------ INPUT DATA ------

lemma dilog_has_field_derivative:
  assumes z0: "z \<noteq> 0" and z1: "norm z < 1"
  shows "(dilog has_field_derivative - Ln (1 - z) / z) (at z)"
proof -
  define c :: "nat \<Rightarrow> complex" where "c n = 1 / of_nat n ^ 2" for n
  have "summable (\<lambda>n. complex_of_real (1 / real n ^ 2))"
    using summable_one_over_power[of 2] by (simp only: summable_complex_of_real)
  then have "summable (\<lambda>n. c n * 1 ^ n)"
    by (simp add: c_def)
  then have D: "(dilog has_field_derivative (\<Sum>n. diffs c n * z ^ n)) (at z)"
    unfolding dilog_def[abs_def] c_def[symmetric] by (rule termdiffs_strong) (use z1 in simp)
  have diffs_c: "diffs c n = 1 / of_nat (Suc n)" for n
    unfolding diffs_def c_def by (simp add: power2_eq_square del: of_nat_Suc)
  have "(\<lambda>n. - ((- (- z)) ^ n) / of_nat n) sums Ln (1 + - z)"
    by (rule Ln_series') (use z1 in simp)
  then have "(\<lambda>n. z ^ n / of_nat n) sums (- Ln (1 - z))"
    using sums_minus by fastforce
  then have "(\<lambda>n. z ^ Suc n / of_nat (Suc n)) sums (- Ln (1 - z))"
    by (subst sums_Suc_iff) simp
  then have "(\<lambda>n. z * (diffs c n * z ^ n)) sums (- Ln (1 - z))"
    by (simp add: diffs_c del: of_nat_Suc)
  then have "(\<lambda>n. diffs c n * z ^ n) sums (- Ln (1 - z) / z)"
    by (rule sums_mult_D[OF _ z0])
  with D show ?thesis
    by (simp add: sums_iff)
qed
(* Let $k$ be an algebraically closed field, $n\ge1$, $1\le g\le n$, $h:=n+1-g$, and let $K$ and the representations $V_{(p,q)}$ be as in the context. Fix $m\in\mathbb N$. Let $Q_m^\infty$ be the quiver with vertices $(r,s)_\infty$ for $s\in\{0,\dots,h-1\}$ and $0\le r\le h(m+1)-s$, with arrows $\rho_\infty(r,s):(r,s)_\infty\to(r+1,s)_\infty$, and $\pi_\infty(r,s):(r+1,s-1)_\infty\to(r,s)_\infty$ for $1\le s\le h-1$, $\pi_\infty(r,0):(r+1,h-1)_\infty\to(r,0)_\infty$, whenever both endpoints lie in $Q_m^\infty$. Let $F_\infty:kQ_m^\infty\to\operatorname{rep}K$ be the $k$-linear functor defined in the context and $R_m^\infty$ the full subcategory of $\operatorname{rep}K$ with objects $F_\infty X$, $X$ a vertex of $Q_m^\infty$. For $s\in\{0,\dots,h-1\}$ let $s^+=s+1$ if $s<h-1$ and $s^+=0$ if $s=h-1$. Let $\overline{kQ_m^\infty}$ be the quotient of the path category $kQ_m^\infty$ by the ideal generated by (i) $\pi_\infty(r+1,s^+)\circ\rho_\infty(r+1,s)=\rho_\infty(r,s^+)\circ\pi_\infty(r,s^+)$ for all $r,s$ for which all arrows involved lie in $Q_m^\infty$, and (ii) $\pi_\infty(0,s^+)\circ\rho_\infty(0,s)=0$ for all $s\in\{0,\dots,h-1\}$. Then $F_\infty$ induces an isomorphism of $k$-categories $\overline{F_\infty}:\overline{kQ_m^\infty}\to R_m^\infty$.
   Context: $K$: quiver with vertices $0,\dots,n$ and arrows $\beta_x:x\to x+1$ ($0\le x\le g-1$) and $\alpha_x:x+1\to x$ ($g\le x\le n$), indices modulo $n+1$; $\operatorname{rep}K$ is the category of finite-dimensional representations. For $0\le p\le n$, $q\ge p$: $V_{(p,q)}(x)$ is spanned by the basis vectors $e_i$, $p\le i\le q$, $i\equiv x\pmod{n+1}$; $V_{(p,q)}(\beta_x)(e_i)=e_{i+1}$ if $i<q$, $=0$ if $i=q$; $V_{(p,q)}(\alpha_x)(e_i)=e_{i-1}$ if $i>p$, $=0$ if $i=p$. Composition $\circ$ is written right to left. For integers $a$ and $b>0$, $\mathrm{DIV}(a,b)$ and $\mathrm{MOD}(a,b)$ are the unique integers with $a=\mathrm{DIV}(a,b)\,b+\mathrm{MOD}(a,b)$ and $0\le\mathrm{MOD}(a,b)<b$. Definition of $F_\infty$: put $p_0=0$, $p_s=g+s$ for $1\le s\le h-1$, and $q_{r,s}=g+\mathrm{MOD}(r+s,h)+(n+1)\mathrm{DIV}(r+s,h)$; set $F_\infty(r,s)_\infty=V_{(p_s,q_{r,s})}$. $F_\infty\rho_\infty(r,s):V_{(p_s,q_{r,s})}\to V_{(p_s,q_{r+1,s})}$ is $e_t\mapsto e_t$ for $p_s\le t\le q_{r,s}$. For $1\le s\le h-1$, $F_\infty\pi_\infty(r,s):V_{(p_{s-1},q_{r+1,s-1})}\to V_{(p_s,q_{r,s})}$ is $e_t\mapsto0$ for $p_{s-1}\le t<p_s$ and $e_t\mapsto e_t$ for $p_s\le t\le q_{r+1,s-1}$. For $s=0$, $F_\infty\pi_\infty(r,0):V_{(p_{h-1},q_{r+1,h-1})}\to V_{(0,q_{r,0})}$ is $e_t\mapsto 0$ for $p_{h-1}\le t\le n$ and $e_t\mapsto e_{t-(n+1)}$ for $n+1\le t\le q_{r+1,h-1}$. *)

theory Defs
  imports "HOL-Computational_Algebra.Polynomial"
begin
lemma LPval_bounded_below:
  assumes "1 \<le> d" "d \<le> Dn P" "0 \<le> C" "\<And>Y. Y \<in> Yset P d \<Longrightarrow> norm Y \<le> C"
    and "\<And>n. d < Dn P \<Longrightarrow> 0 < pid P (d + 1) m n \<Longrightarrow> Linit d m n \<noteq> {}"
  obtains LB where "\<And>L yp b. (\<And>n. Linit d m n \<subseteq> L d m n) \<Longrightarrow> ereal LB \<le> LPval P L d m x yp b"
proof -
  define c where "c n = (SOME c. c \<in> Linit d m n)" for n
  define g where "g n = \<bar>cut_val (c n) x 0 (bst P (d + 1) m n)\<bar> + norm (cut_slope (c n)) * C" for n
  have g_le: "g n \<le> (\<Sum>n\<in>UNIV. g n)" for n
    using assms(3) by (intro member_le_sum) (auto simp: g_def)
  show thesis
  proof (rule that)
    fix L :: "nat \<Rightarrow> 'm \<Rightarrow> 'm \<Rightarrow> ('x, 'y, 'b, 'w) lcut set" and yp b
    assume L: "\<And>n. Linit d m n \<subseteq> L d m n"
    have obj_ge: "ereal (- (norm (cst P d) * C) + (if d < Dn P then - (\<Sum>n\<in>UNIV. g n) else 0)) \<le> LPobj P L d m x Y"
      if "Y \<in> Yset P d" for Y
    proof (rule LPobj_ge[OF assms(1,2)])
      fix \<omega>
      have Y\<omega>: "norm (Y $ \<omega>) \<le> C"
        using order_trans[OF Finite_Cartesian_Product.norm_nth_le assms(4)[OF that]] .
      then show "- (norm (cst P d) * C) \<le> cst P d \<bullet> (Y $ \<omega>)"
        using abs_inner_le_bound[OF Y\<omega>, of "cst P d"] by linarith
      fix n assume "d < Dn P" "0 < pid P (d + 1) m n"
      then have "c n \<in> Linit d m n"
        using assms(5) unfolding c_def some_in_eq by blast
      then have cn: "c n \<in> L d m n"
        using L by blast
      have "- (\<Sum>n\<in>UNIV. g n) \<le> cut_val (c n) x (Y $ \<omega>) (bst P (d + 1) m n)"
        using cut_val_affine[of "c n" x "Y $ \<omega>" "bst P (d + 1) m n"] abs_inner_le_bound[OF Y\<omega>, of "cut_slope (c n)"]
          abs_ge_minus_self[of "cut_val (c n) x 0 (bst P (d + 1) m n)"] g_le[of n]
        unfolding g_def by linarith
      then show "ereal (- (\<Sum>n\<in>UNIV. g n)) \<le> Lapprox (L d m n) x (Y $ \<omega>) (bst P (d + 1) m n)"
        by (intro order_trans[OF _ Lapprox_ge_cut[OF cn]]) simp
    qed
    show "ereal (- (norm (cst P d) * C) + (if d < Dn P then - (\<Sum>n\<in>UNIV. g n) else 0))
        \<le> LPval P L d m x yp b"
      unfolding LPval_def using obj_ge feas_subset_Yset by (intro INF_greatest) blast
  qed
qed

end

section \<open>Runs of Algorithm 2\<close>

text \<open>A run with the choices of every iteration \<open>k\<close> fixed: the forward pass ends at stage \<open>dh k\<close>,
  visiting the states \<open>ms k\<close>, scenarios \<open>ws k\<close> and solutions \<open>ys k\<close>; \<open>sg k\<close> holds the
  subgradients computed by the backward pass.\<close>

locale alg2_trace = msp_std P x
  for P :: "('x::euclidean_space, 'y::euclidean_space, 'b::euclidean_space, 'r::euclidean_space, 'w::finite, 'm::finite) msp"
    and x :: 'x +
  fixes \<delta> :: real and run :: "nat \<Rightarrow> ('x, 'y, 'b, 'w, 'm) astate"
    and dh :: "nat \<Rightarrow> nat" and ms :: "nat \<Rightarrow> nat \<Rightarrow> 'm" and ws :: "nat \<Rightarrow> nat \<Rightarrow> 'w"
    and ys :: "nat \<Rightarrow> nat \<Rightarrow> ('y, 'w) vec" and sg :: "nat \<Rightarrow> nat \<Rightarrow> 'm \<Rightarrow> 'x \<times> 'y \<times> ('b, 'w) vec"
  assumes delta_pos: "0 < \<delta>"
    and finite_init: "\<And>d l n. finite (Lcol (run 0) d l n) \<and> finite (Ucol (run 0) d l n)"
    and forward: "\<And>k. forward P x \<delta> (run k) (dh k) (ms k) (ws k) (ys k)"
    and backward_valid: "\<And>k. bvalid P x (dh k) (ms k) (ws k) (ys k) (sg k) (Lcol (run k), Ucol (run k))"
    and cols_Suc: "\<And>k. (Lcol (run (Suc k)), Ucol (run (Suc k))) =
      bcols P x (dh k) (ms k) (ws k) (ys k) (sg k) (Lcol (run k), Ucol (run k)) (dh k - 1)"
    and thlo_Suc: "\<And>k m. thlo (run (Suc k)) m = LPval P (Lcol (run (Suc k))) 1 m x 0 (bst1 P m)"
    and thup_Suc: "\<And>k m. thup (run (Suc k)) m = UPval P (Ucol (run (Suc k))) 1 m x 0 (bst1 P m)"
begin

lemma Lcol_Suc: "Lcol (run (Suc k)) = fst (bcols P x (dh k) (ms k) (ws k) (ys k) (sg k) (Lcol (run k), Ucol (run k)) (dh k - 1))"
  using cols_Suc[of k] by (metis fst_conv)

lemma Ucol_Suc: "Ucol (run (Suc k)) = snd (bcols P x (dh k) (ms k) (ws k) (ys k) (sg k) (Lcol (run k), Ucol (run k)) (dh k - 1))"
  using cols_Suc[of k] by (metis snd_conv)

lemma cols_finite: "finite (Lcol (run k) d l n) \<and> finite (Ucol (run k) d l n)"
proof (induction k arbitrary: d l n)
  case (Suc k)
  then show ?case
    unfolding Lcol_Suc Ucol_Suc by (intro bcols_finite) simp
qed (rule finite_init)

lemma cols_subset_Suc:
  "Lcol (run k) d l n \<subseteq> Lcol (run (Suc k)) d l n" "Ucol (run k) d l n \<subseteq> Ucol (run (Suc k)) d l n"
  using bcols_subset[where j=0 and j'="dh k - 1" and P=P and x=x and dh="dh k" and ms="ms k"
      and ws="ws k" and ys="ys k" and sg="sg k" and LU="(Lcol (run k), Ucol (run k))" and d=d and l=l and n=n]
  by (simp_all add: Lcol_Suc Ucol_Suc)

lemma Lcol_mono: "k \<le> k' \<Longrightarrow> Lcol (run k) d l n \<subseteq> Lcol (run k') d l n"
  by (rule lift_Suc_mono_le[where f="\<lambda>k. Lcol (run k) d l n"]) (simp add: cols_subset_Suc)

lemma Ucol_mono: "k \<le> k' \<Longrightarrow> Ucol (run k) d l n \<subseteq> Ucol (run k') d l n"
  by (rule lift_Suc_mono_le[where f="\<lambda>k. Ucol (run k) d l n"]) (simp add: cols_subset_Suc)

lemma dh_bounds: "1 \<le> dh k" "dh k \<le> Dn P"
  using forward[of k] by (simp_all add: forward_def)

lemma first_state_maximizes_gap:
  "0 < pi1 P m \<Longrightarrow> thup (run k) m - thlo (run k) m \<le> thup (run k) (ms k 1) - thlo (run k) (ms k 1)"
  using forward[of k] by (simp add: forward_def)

------

### ASSIGNED TASK
Give back precisely the lines above that start at the line containing "(Y $ \<omega>) \<le>" and end at the line containing "section \<open>Runs of Algorithm 2\<close>", inclusive. No other lines belong in the output.

### SOLUTION BELOW
      have Y\<omega>: "norm (Y $ \<omega>) \<le> C"
        using order_trans[OF Finite_Cartesian_Product.norm_nth_le assms(4)[OF that]] .
      then show "- (norm (cst P d) * C) \<le> cst P d \<bullet> (Y $ \<omega>)"
        using abs_inner_le_bound[OF Y\<omega>, of "cst P d"] by linarith
      fix n assume "d < Dn P" "0 < pid P (d + 1) m n"
      then have "c n \<in> Linit d m n"
        using assms(5) unfolding c_def some_in_eq by blast
      then have cn: "c n \<in> L d m n"
        using L by blast
      have "- (\<Sum>n\<in>UNIV. g n) \<le> cut_val (c n) x (Y $ \<omega>) (bst P (d + 1) m n)"
        using cut_val_affine[of "c n" x "Y $ \<omega>" "bst P (d + 1) m n"] abs_inner_le_bound[OF Y\<omega>, of "cut_slope (c n)"]
          abs_ge_minus_self[of "cut_val (c n) x 0 (bst P (d + 1) m n)"] g_le[of n]
        unfolding g_def by linarith
      then show "ereal (- (\<Sum>n\<in>UNIV. g n)) \<le> Lapprox (L d m n) x (Y $ \<omega>) (bst P (d + 1) m n)"
        by (intro order_trans[OF _ Lapprox_ge_cut[OF cn]]) simp
    qed
    show "ereal (- (norm (cst P d) * C) + (if d < Dn P then - (\<Sum>n\<in>UNIV. g n) else 0))
        \<le> LPval P L d m x yp b"
      unfolding LPval_def using obj_ge feas_subset_Yset by (intro INF_greatest) blast
  qed
qed

end

section \<open>Runs of Algorithm 2\<close>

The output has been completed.